Выбор Склярова оправдан потому, что он человечен. Выбор героев Радуги правилен, благороден, добродетелен и удивительно морально бесплоден, вплоть до абсурда.

В самом деле, какие могут быть дела у Матвея Вязаницына в его кабинете за час до гибели планеты? Он говорит замечательную в своей нелепости фразу: «У меня масса дел, а времени мало». Какие у него могут быть дела? Приводить в порядок документы, которые через час обратятся в пепел вместе с ним?

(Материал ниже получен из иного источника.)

lemma frozen_vertex_neighbours:
  assumes "\<phi> \<in> C" "v \<in> V" "frozen_vertex V E L \<phi> v"
  shows "inj_on \<phi> (N v)" "\<phi> ` N v = L v - {\<phi> v}"
proof -
  have sub: "L v - {\<phi> v} \<subseteq> \<phi> ` N v"
    using assms(3) unfolding frozen_vertex_def by (metis image_eqI subsetI)
  have "\<phi> v \<in> L v"
    using assms(1,2) by (simp add: L_colourings_def)
  then have "card (L v - {\<phi> v}) \<ge> card (N v)"
    using list_size[OF assms(2)] by (auto simp: degree_def)
  moreover have "card (L v - {\<phi> v}) \<le> card (\<phi> ` N v)"
    by (intro card_mono sub) (simp add: finite_neighbours)
  moreover have "card (\<phi> ` N v) \<le> card (N v)"
    by (rule card_image_le[OF finite_neighbours])
  ultimately have "card (\<phi> ` N v) = card (N v)" "card (L v - {\<phi> v}) = card (\<phi> ` N v)"
    by linarith+
  then show "inj_on \<phi> (N v)" "\<phi> ` N v = L v - {\<phi> v}"
    using eq_card_imp_inj_on[OF finite_neighbours] card_subset_eq[OF _ sub]
    by (auto simp: finite_neighbours)
qed

lemma frozen_colouring_inj_on_neighbours: "\<phi> \<in> F \<Longrightarrow> v \<in> V \<Longrightarrow> inj_on \<phi> (N v)"
  using frozen_vertex_neighbours(1) by (auto simp: frozen_L_colourings_def)

lemma frozen_colouring_image_neighbours: "\<phi> \<in> F \<Longrightarrow> v \<in> V \<Longrightarrow> \<phi> ` N v = L v - {\<phi> v}"
  using frozen_vertex_neighbours(2) by (auto simp: frozen_L_colourings_def)

lemma frozen_colouring_neighbour_in_list: "\<phi> \<in> F \<Longrightarrow> E v x \<Longrightarrow> \<phi> x \<in> L v"
  using frozen_colouring_image_neighbours[of \<phi> v] edge_in_V neighbours_iff by blast

end

section \<open>Swapping colours on far-apart gadgets\<close>

locale far_apart_gadgets = list_assignment +
  fixes S :: "'a set" and u w :: "'a \<Rightarrow> 'a"
  assumes gadgets_in_V: "S \<subseteq> V"
    and gadget: "\<And>s. s \<in> S \<Longrightarrow> E s (u s) \<and> E s (w s) \<and> u s \<noteq> w s \<and> \<not> E (u s) (w s)"
    and gadgets_far_apart: "\<And>s t. s \<in> S \<Longrightarrow> t \<in> S \<Longrightarrow> s \<noteq> t \<Longrightarrow> far_apart E s t"
begin

lemma far_apartD:
  "s \<in> S \<Longrightarrow> t \<in> S \<Longrightarrow> s \<noteq> t \<Longrightarrow> a = s \<or> E s a \<Longrightarrow> b = t \<or> E t b \<Longrightarrow> a \<noteq> b \<and> \<not> E a b"
  using gadgets_far_apart unfolding far_apart_def by blast

lemma inj_on_u: "inj_on u S"
  by (rule inj_onI) (use far_apartD gadget in blast)

lemma u_notin_gadgets:
  assumes "s \<in> S"
  shows "u s \<notin> S"
proof
  assume "u s \<in> S"
  moreover have "E s (u s)"
    using gadget[OF assms] by blast
  ultimately show False
    using far_apartD[OF assms, of "u s" "u s" "u s"] edge_irrefl by metis
qed

definition gadget_swap :: "'a set \<Rightarrow> 'a \<Rightarrow> 'a" where
  "gadget_swap T x = (if x \<in> T then u x else if x \<in> u ` T then the_inv_into T u x else x)"

lemma gadget_swap_centre: "t \<in> T \<Longrightarrow> gadget_swap T t = u t"
  by (simp add: gadget_swap_def)

lemma gadget_swap_u:
  assumes "T \<subseteq> S" "t \<in> T"
  shows "gadget_swap T (u t) = t"
  using assms u_notin_gadgets inj_on_subset[OF inj_on_u assms(1)]
  by (auto simp: gadget_swap_def the_inv_into_f_f)

lemma gadget_swap_other: "x \<notin> T \<Longrightarrow> x \<notin> u ` T \<Longrightarrow> gadget_swap T x = x"
  by (simp add: gadget_swap_def)

lemma gadget_swap_swap: "T \<subseteq> S \<Longrightarrow> gadget_swap T (gadget_swap T x) = x"
  by (metis imageE gadget_swap_other gadget_swap_centre gadget_swap_u)

lemma gadget_swap_outside_V: "T \<subseteq> S \<Longrightarrow> x \<notin> V \<Longrightarrow> gadget_swap T x = x"
  using gadgets_in_V gadget edge_in_V by (intro gadget_swap_other) blast+

lemma gadget_swap_moved:
  assumes T: "T \<subseteq> S" and x: "x \<in> T \<union> u ` T"
  shows "E x (gadget_swap T x)" "E x y \<Longrightarrow> y \<noteq> gadget_swap T x \<Longrightarrow> gadget_swap T y = y"
proof -
  obtain t where t: "t \<in> T"
    and partner: "x = t \<and> gadget_swap T x = u t \<or> x = u t \<and> gadget_swap T x = t"
    using x gadget_swap_centre gadget_swap_u[OF T] by blast
  have tS: "t \<in> S" using t T by blast
  have "E t (u t)" "E (u t) t"
    using gadget[OF tS] edge_sym by blast+
  then have tx: "x = t \<or> E t x"
    using partner by blast
  show "E x (gadget_swap T x)"
    using partner \<open>E t (u t)\<close> \<open>E (u t) t\<close> by auto
  assume xy: "E x y" and y: "y \<noteq> gadget_swap T x"
  have "y \<noteq> t" "y \<noteq> u t"
    using partner y xy edge_irrefl by auto
  have "y \<notin> T"
  proof
    assume "y \<in> T"
    then show False
      using far_apartD[of t y x y] T tS tx xy \<open>y \<noteq> t\<close> by blast
  qed
  moreover have "y \<notin> u ` T"
  proof
    assume "y \<in> u ` T"
    then obtain t' where "t' \<in> T" "y = u t'" by blast
    then show False
      using far_apartD[of t t' x y] T tS tx xy gadget[of t'] \<open>y \<noteq> u t\<close> by blast
  qed
  ultimately show "gadget_swap T y = y"
    by (rule gadget_swap_other)
qed

lemma gadget_swap_fixes_witness:
  assumes T: "T \<subseteq> S" and s: "s \<in> S" and y: "y = w s \<or> (E (w s) y \<and> y \<noteq> s)"
  shows "gadget_swap T y = y"
proof (rule gadget_swap_other)
  have ws: "w s = s \<or> E s (w s)" and "w s \<noteq> s"
    using gadget[OF s] edge_irrefl by metis+
  show "y \<notin> T"
  proof
    assume "y \<in> T"
    moreover have "y \<noteq> s"
      using y \<open>w s \<noteq> s\<close> by auto
    ultimately show False
      using far_apartD[of s y "w s" y] T s ws y edge_irrefl by blast
  qed
  show "y \<notin> u ` T"
  proof
    assume "y \<in> u ` T"
    then obtain t where t: "t \<in> T" "y = u t" by blast
    show False
    proof (cases "t = s")
      case True
      then show False using t y gadget[OF s] edge_sym by blast
    next
      case False
      have "t \<in> S" "E t y"
        using t T gadget by auto
      then show False
        using far_apartD[of s t "w s" y] s ws y False by blast
    qed
  qed
qed

lemma frozen_swap_moved_proper:
  assumes T: "T \<subseteq> S" and \<phi>: "\<phi> \<in> F" and x: "x \<in> T \<union> u ` T" and xy: "E x y"
  shows "\<phi> (gadget_swap T x) \<noteq> \<phi> (gadget_swap T y)"
proof (cases "y = gadget_swap T x")
  case True
  then have "gadget_swap T y = x"
    using gadget_swap_swap[OF T] by simp
  then show ?thesis
    using True L_colouring_proper[OF frozen_imp_L_colouring[OF \<phi>]] gadget_swap_moved(1)[OF T x]
    by metis
next
  case False
  then have "gadget_swap T y = y"
    using gadget_swap_moved(2)[OF T x xy] by blast
  moreover have "gadget_swap T x \<in> N x" "y \<in> N x" "x \<in> V"
    using gadget_swap_moved(1)[OF T x] xy edge_in_V neighbours_iff by blast+
  ultimately show ?thesis
    using False frozen_colouring_inj_on_neighbours[OF \<phi>] by (metis inj_on_contraD)
qed

lemma frozen_swap_proper:
  assumes T: "T \<subseteq> S" and \<phi>: "\<phi> \<in> F" and xy: "E x y"
  shows "\<phi> (gadget_swap T x) \<noteq> \<phi> (gadget_swap T y)"
proof -
  consider "x \<in> T \<union> u ` T" | "y \<in> T \<union> u ` T" | "x \<notin> T \<union> u ` T" "y \<notin> T \<union> u ` T"
    by blast
  then show ?thesis
  proof cases
    case 1
    then show ?thesis using frozen_swap_moved_proper[OF T \<phi> _ xy] by blast
  next
    case 2
    then show ?thesis using frozen_swap_moved_proper[OF T \<phi> _ edge_sym[OF xy]] by metis
  next
    case 3
    then show ?thesis
      using gadget_swap_other L_colouring_proper[OF frozen_imp_L_colouring[OF \<phi>] xy] by auto
  qed
qed

lemma frozen_swap_is_L_colouring:
  assumes T: "T \<subseteq> S" and \<phi>: "\<phi> \<in> F"
  shows "\<phi> \<circ> gadget_swap T \<in> C"
proof -
  have \<phi>C: "\<phi> \<in> C"
    using frozen_imp_L_colouring[OF \<phi>] .
  have "\<phi> (gadget_swap T x) \<in> L x" if "x \<in> V" for x
  proof (cases "x \<in> T \<union> u ` T")
    case True
    then show ?thesis
      using gadget_swap_moved(1)[OF T True] frozen_colouring_neighbour_in_list[OF \<phi>] by blast
  next
    case False
    then show ?thesis using gadget_swap_other \<phi>C that by (auto simp: L_colourings_def)
  qed
  moreover have "\<phi> (gadget_swap T x) = undefined" if "x \<notin> V" for x
    using gadget_swap_outside_V[OF T that] \<phi>C that by (simp add: L_colourings_def)
  ultimately show ?thesis
    using frozen_swap_proper[OF T \<phi>] by (simp add: L_colourings_def)
qed

text \<open>Swapping the gadget at s moves the colour of s off the neighbourhood of w s, so w s is no
  longer frozen; the closed neighbourhood of the witness of an unswapped gadget is not touched.\<close>

lemma frozen_witness_after_swap_iff:
  assumes T: "T \<subseteq> S" and \<phi>: "\<phi> \<in> F" and s: "s \<in> S"
  shows "frozen_vertex V E L (\<phi> \<circ> gadget_swap T) (w s) \<longleftrightarrow> s \<notin> T"
proof -
  let ?\<sigma> = "gadget_swap T"
  have wV: "w s \<in> V" and sN: "s \<in> N (w s)"
    using gadget[OF s] edge_in_V edge_sym neighbours_iff by blast+
  have w_fixed: "?\<sigma> (w s) = w s"
    using gadget_swap_fixes_witness[OF T s] by blast
  have nbr_fixed: "?\<sigma> y = y" if "y \<in> N (w s)" "y \<noteq> s" for y
    using gadget_swap_fixes_witness[OF T s] that neighbours_iff by blast
  show ?thesis
  proof
    assume frozen: "frozen_vertex V E L (\<phi> \<circ> ?\<sigma>) (w s)"
    show "s \<notin> T"
    proof
      assume "s \<in> T"
      have "\<phi> s \<in> L (w s) - {\<phi> (w s)}"
        using frozen_colouring_image_neighbours[OF \<phi> wV] sN by blast
      then obtain y where y: "y \<in> N (w s)" "\<phi> (?\<sigma> y) = \<phi> s"
        using frozen w_fixed unfolding frozen_vertex_def by auto
      show False
      proof (cases "y = s")
        case True
        then have "\<phi> (u s) = \<phi> s"
          using y(2) gadget_swap_centre[OF \<open>s \<in> T\<close>] by simp
        then show False
          using L_colouring_proper[OF frozen_imp_L_colouring[OF \<phi>], of s "u s"] gadget[OF s]
          by auto
      next
        case False
        then show False
          using y nbr_fixed sN frozen_colouring_inj_on_neighbours[OF \<phi> wV] by (metis inj_on_contraD)
      qed
    qed
  next
    assume "s \<notin> T"
    then have "?\<sigma> s = s"
      using T u_notin_gadgets s by (intro gadget_swap_other) blast+
    then have "\<forall>y\<in>N (w s). ?\<sigma> y = y"
      using nbr_fixed by metis
    moreover have "frozen_vertex V E L \<phi> (w s)"
      using \<phi> wV by (simp add: frozen_L_colourings_def)
    ultimately show "frozen_vertex V E L (\<phi> \<circ> ?\<sigma>) (w s)"
      using w_fixed unfolding frozen_vertex_def by auto
  qed
qed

А, может быть, и тут всё гораздо глубже и тоньше. Просто не может быть вместе с людьми человек, который не смог спасти от гибели планету, хотя и обязан был это сделать; который не увидел перед вечным прощанием своего ребёнка и даже не попытался это сделать; который не употребил свою власть директора, чтобы пропихнуть собственного ребёнка и супругу в звездолёт первыми, которому даже в голову не пришло, что это можно сделать, наплевав на все правила, просто потому, что он их любит? Может, проще в такой ситуации укрыться за делами, которые никому не нужны?

Итак, все герои кроме нескольких человек, совершили свой правильный выбор. «Неправильный выбор» оказался бесплодным – Роберту всё равно не удалось спасти Таню, большинство детей планеты спасены и даже пачку материалов с наблюдениями о Волне удалось засунуть в звездолёт.

Но ведь перед героями помимо выбора – спасаться самим или спасать детей – стоял и ещё один выбор – выбор между спасением научной документации и физиков-нулевиков, «носителей нового понимания пространства, единственных на всю Вселенную» и спасением детей. Кайтоху такой выбор представляется надуманным. По его мнению «проблема не могла представиться читателю горячей, аутентичной проблемой современной нам действительности» – поскольку выбор и так был очевиден, и сама постановка проблемы казалась критику надуманной.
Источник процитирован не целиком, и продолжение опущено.